The P450 probe substrate cocktail consisted of MDZ, PHE, DXM, DIC, and CLZ, and the stock solutions were dissolved in dimethylsulfoxide. An appropriate dosing formulation was prepared by diluting the stock solutions in phosphate-buffered saline for a dosage volume of 0.6 ml/30 g body weight and specific dose of 1.0 mg/kg MDZ, 2.8 mg/kg PHE, 26 mg/kg DXM, 3.25 mg/kg DIC, and 6.5 mg/kg CLZ.
Expression and Purification of RNA Agents.

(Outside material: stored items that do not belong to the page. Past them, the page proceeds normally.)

(* Everything is computed at a single point in coordinates.  Write B = beta^sharp,
   G = 1 - B^2, K = G^-1, v = sqrt (det (1 + B)) and D for the Levi-Civita connection.
   Since g is parallel, D_i S is the flat of D_i (v K), and differentiating G K = 1 and
   Jacobi's formula for det (1 + B) give
     D_i (v K) = v (tr ((1 + B)^-1 D_i B) / 2 K + K (D_i B B + B D_i B) K),
   where the Christoffel terms of the trace cancel because B commutes with (1 + B)^-1.
   Contracting over an orthonormal frame, the terms K B D_i B K add up to
   -K B (delta_beta beta)^sharp.  The remaining terms are K applied to the vector dual to
   a |-> <i(e_a) d beta, (K B)^flat>: d beta is the cyclic sum of D beta (torsion-freeness),
   and the skew-symmetry of D beta and of (K B)^flat identifies the two cyclic terms not
   containing the trace. *)

theory Submission
  imports Defs
begin

section \<open>Matrix algebra\<close>

lemma
  fixes A :: "'a::semiring_1^'n^'m"
  assumes "invertible A"
  shows matrix_inv_right: "A ** matrix_inv A = mat 1"
    and matrix_inv_left: "matrix_inv A ** A = mat 1"
  using someI_ex[OF assms[unfolded invertible_def]] unfolding matrix_inv_def by auto

lemma matrix_inv_unique:
  fixes A A' :: "'a::field^'n^'n"
  assumes "A' ** A = mat 1"
  shows "matrix_inv A = A'"
proof -
  have "invertible A" using assms invertible_left_inverse by blast
  have "matrix_inv A = (A' ** A) ** matrix_inv A" using assms by simp
  also have "\<dots> = A'" using matrix_inv_right[OF \<open>invertible A\<close>]
    by (simp add: matrix_mul_assoc[symmetric])
  finally show ?thesis .
qed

Recombinant miR-34a prodrug and the control transfer RNA (tRNA)/methionine-Sephadex aptamer (MSA) were prepared as previously described (Wang et al., 2015). Briefly, competent HST08 Escherichia coli bacteria were transformed with appropriate plasmids; after a 12-hour incubation at 37°C, bacteria were pelleted, resuspended, lysed in phenol to extract total RNA, and precipitated with salt and ethanol. Target RNA was isolated from total RNAs by an anion exchange fast protein LC method using an NGC FPLC system (Bio-Rad, Hercules, CA), and its purity (>99%, data not shown) was verified by a high-performance LC assay (Wang et al., 2015).
Animals, Drug Administration, and Serial Blood Microsampling.

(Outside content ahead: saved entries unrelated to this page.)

definition zpm_eq :: "zmat \<Rightarrow> zmat \<Rightarrow> bool" where
  "zpm_eq X Y \<longleftrightarrow> X = Y \<or> X = zmat_neg Y"

lemma pm_eq_zpm_eq: "zpm_eq X Y \<Longrightarrow> pm_eq (zmat_val X) (zmat_val Y)"
  by (auto simp: zpm_eq_def pm_eq_def zmat_val_neg)

lemma special_family_cert:
  fixes a P b Q c d :: "int list" and X Y C A :: "nat list"
  defines "\<tau> \<equiv> ZL 2 0 0 0 16 0"
  assumes parity: "even (length a + length b)" "even (length P + length Q)"
    and conj: "zpm_eq (zmat_mult (zMseq c) (zMseq Q)) (zmat_mult (zword Y) (zMseq c))"
      "zpm_eq (zmat_mult (zMseq c) (zMseq b)) (zmat_mult (zword C) (zMseq d))"
      "zpm_eq (zmat_mult (zMseq d) (zMseq P)) (zmat_mult (zword X) (zMseq d))"
      "zpm_eq (zmat_mult (zMseq d) (zMseq a)) (zmat_mult (zword A) (zMseq c))"
    and traces: "zmat_trace (zMseq P) = \<tau>" "zmat_trace (zMseq Q) = \<tau>"
      "zmat_trace (zmat_mult (zmat_mult (zmat_mult (zMseq Q) (zMseq b)) (zMseq P)) (zMseq a))
        = zlucasV \<tau> (m + 2)"
      "zadd (zmat_trace (zmat_mult (zmat_mult (zMseq Q) (zMseq b)) (zMseq a)))
          (zmat_trace (zmat_mult (zmat_mult (zMseq b) (zMseq P)) (zMseq a)))
        = zscale 2 (zlucasV \<tau> (m + 1))"
      "zmat_trace (zmat_mult (zMseq b) (zMseq a)) = zlucasV \<tau> m" "m \<ge> 1"
    and words: "set (X @ Y @ C @ A) \<subseteq> {1, 2, 16, 17}" "2 \<in> set (C @ A) \<or> 16 \<in> set (C @ A)"
      "count_list (X @ Y) 1 * length (C @ A) \<noteq> count_list (C @ A) 1 * length (X @ Y)"
  shows "special_family (\<lambda>k. a @ rep k P @ b @ rep k Q)"
proof -
  have digits: "word_mat ws = zmat_val (zword ws)" if "ws \<in> {X, Y, C, A}" for ws
    using words(1) that by (intro word_mat_zword) auto
  show ?thesis
  proof (rule special_familyI[OF parity G18_Mseq G18_Mseq _ _ _ _ _ _ _ _ _ traces(6)
        tau_sigma[folded \<tau>_def] words])
    show "pm_eq (Mseq c \<cdot>\<^sub>m Mseq Q) (word_mat Y \<cdot>\<^sub>m Mseq c)"
      "pm_eq (Mseq c \<cdot>\<^sub>m Mseq b) (word_mat C \<cdot>\<^sub>m Mseq d)"
      "pm_eq (Mseq d \<cdot>\<^sub>m Mseq P) (word_mat X \<cdot>\<^sub>m Mseq d)"
      "pm_eq (Mseq d \<cdot>\<^sub>m Mseq a) (word_mat A \<cdot>\<^sub>m Mseq c)"
      using pm_eq_zpm_eq[OF conj(1)] pm_eq_zpm_eq[OF conj(2)] pm_eq_zpm_eq[OF conj(3)]
        pm_eq_zpm_eq[OF conj(4)]
      by (simp_all add: zmat_val_mult Mseq_zMseq digits)
    show "mtrace (Mseq P) = zval \<tau>" "mtrace (Mseq Q) = zval \<tau>"
      "mtrace (Mseq Q \<cdot>\<^sub>m Mseq b \<cdot>\<^sub>m Mseq P \<cdot>\<^sub>m Mseq a) = lucasV (zval \<tau>) (m + 2)"
      "mtrace (Mseq Q \<cdot>\<^sub>m Mseq b \<cdot>\<^sub>m Mseq a) + mtrace (Mseq b \<cdot>\<^sub>m Mseq P \<cdot>\<^sub>m Mseq a)
        = 2 * lucasV (zval \<tau>) (m + 1)"
      "mtrace (Mseq b \<cdot>\<^sub>m Mseq a) = lucasV (zval \<tau>) m"
      using traces(1-5)[THEN arg_cong[where f = zval]]
      by (simp_all add: zval_zmat_trace zmat_val_mult Mseq_zMseq zval_zlucasV)
  qed
qed

text \<open>The conjugators below are \<open>I = M()\<close>, \<open>S = M(0)\<close>, \<open>U S = M(0, 1)\<close>, \<open>S U = M(1, 0)\<close>
  and \<open>U\<^sup>1\<^sup>7 = -M(0, -1, 0)\<close>.\<close>

lemmas zmat_defs = zMseq_def zword_def zdigit_def zS_def zT_def zI_def zconst_def zpm_eq_def zlucasV_tau

lemma special_family_1:
  "special_family (\<lambda>k. [2] @ rep k [-4,-1,4,1] @ [-2,-2,2] @ rep k [1,-4,-1,4])"
  by (rule special_family_cert[where c = "[0, -1, 0]" and d = "[0]" and m = 1
        and X = "[2,1,1,1,16,17,17,17]" and Y = "[1,1,1,16,17,17,17,2]"
        and C = "[1,17,16,17]" and A = "[1,2]"])
    (simp_all add: zmat_defs)

lemma special_family_2:
  "special_family (\<lambda>k. [4] @ rep k [2,-2,-2,2] @ [1,-4,-1] @ rep k [2,2,-2,-2])"
  by (rule special_family_cert[where c = "[]" and d = "[0, -1, 0]" and m = 1
        and X = "[1,17,16,17,1,2]" and Y = "[17,16,17,1,2,1]"
        and C = "[16,17,17,17,2]" and A = "[1,1,1]"])
    (simp_all add: zmat_defs)

lemma special_family_3:
  "special_family (\<lambda>k. [-4] @ rep k [-1,8,1,-2] @ [-2,1,2] @ rep k [-2,-1,8,1])"
  by (rule special_family_cert[where c = "[0]" and d = "[0, 1]" and m = 1
        and X = "[17,2,1,1,1,1,1,1,1,16]" and Y = "[2,1,1,1,1,1,1,1,16,17]"
        and C = "[1,2,17,16]" and A = "[17,17,17]"])
    (simp_all add: zmat_defs)

lemma special_family_4:
  "special_family (\<lambda>k. [-1] @ rep k [-4,2,1,-2] @ [-2,1,8] @ rep k [1,-1,-1,16])"
  by (rule special_family_cert[where c = "[0, -1, 0]" and d = "[0, 1]" and m = 1
        and X = "[17,2,1,17,17,17,16]" and Y = "[1,1,1,1,1,1,1,1,1,1,1,1,1,1,1,16,2]"
        and C = "[1,1,1,1,1,1,2,17,16]" and A = "[1]"])
    (simp_all add: zmat_defs)

lemma special_family_5:
  "special_family (\<lambda>k. [16] @ rep k [1,-2,-1,8] @ [-1,-1,1] @ rep k [8,1,-2,-1])"
  by (rule special_family_cert[where c = "[1, 0]" and d = "[0, -1, 0]" and m = 1
        and X = "[1,1,1,1,1,1,1,16,17,2]" and Y = "[1,16,17,2,1,1,1,1,1,1]"
        and C = "[2,16,1]" and A = "[1,1,1,1,1,1,1,1,1,1,1,1,1,1]"])
    (simp_all add: zmat_defs)

lemma special_family_6:
  "special_family (\<lambda>k. [4] @ rep k [2,-2,-2,2] @ [2,-2,-1,4,1,-2,-2] @ rep k [2,2,-2,-2])"
  by (rule special_family_cert[where c = "[]" and d = "[0, -1, 0]" and m = 2
        and X = "[1,17,16,17,1,2]" and Y = "[17,16,17,1,2,1]"
        and C = "[17,16,17,2,1,1,1,16,17,1,2]" and A = "[1,1,1]"])
    (simp_all add: zmat_defs)

lemma special_family_7:
  "special_family (\<lambda>k. [4] @ rep k [1,-2,-4,2] @ [1,-2,-2,4,2,-2,-1] @ rep k [2,4,-2,-1])"
  by (rule special_family_cert[where c = "[]" and d = "[0, -1, 0]" and m = 2
        and X = "[1,17,17,17,16,17,2]" and Y = "[16,17,1,1,1,2,1]"
        and C = "[16,17,1,2,1,1,1,17,16,17,2]" and A = "[1,1,1]"])
    (simp_all add: zmat_defs)

lemma special_family_8:
  "special_family (\<lambda>k. [2] @ rep k [-4,-1,4,1] @ [-4,-1,2,2,-2,-1,4] @ rep k [1,-4,-1,4])"
  by (rule special_family_cert[where c = "[0, -1, 0]" and d = "[0]" and m = 2
        and X = "[2,1,1,1,16,17,17,17]" and Y = "[1,1,1,16,17,17,17,2]"
        and C = "[1,1,1,16,17,1,2,1,16,17,17,17]" and A = "[1,2]"])
    (simp_all add: zmat_defs)

lemma special_family_9:
  "special_family (\<lambda>k. [2] @ rep k [-2,-1,8,1] @ [-2,-1,4,2,-4,-1,2] @ rep k [1,-8,-1,2])"
  by (rule special_family_cert[where c = "[0, -1, 0]" and d = "[0]" and m = 2
        and X = "[2,1,1,1,1,1,1,1,16,17]" and Y = "[1,16,17,17,17,17,17,17,17,2]"
        and C = "[1,16,17,17,17,1,2,1,1,1,16,17]" and A = "[1,2]"])
    (simp_all add: zmat_defs)

lemma special_family_10:
  "special_family (\<lambda>k. [-4] @ rep k [-1,8,1,-2] @ [-1,8,-1,-1,1,8,1] @ rep k [-2,-1,8,1])"
  by (rule special_family_cert[where c = "[0]" and d = "[0, 1]" and m = 2
        and X = "[17,2,1,1,1,1,1,1,1,16]" and Y = "[2,1,1,1,1,1,1,1,16,17]"
        and C = "[2,1,1,1,1,1,1,2,16,1,1,1,1,1,1,1,1,16]" and A = "[17,17,17]"])
    (simp_all add: zmat_defs)

lemma special_family_11:
  "special_family (\<lambda>k. [2] @ rep k [-8,-1,2,1] @ [-8,-1,1,2,-1,-1,8] @ rep k [1,-2,-1,8])"
  by (rule special_family_cert[where c = "[0, -1, 0]" and d = "[0]" and m = 2
        and X = "[2,1,16,17,17,17,17,17,17,17]" and Y = "[1,1,1,1,1,1,1,16,17,2]"
        and C = "[1,1,1,1,1,1,1,16,1,2,16,17,17,17,17,17,17,17]" and A = "[1,2]"])
    (simp_all add: zmat_defs)

lemma special_family_12:
  "special_family (\<lambda>k. [2] @ rep k [-1,-1,16,1] @ [-1,-1,8,2,-8,-1,1] @ rep k [1,-16,-1,1])"
  by (rule special_family_cert[where c = "[0, -1, 0]" and d = "[0]" and m = 2
        and X = "[2,1,1,1,1,1,1,1,1,1,1,1,1,1,1,1,16]"
        and Y = "[16,17,17,17,17,17,17,17,17,17,17,17,17,17,17,17,2]"
        and C = "[16,17,17,17,17,17,17,17,1,2,1,1,1,1,1,1,1,16]" and A = "[1,2]"])
    (simp_all add: zmat_defs)

lemma special_family_13:
  "special_family (\<lambda>k. [16] @ rep k [1,-2,-1,8] @ [1,-2,-2,1,2,-2,-1] @ rep k [8,1,-2,-1])"
  by (rule special_family_cert[where c = "[]" and d = "[0, -1, 0]" and m = 2
        and X = "[1,1,1,1,1,1,1,16,17,2]" and Y = "[16,17,2,1,1,1,1,1,1,1]"
        and C = "[16,17,1,2,17,16,17,2]" and A = "[1,1,1,1,1,1,1,1,1,1,1,1,1,1,1]"])
    (simp_all add: zmat_defs)

theorem theorem2p5:
  assumes "w \<in> set families18"
  shows "(\<forall>k. special_hyperbolic (Mseq (w k)))
    \<and> (\<forall>k p. mobius (Mseq (w k)) p = p \<longrightarrow> (\<exists>r. p = Some r \<and> r \<in> lamK))
    \<and> infinite {orbit18 p | p k. mobius (Mseq (w k)) p = p}"
proof -
  have "special_family w"
    using assms special_family_1 special_family_2 special_family_3 special_family_4 special_family_5
      special_family_6 special_family_7 special_family_8 special_family_9 special_family_10
      special_family_11 special_family_12 special_family_13
    unfolding families18_def by auto
  then show ?thesis
    unfolding special_family_def .
qed

end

All animal procedures were approved by the Institutional Animal Care and Use Committee at University of California Davis and were carried out in accordance with the 2015 U.S. Department of Health and Human Services Guide for the Care and Use of Laboratory Animals. Male CD-1 mice aged 4–6 weeks (approximately 30 g bodyweight) were purchased from Charles River Laboratories (Hollister, CA), housed under 12-hour light/dark conditions, and provided with diet and water ad libitum.
Mice were administered either KTZ (50 mg/kg) or α-NF (100 mg/kg) or vehicle (corn oil) (six mice per group) intraperitoneally to assess the impact of the P450 inhibitor on probe drug PK. After 1 hour, mice were given a P450 probe substrate cocktail by oral gavage at specific doses outlined above. Immediately after cocktail administration, manual microsampling was conducted at the following time points: 3, 10, 20, 30, 45, 50, 90, 120, and 180 minutes. Specifically, a small volume of blood (10–20 μl) was collected by carefully inserting a 28-gauge needle precoated with 6% EDTA into the lateral tail vein of a mouse restrained by a mouse holder during blood collection (Fig. 1), and mice were returned to their cages in between sampling time points. Mice were euthanized right after the experiment, and separate batches of mice were used for the KTZ, α-NF, and vehicle treatment groups. Blood was then transferred into a 1.5-ml microcentrifuge tube containing 1 μl 6% EDTA and was centrifuged at 5000 rpm and 4°C for 10 minutes. Plasma was transferred into a clean microcentrifuge tube and stored at −80°C until LC-MS/MS quantification.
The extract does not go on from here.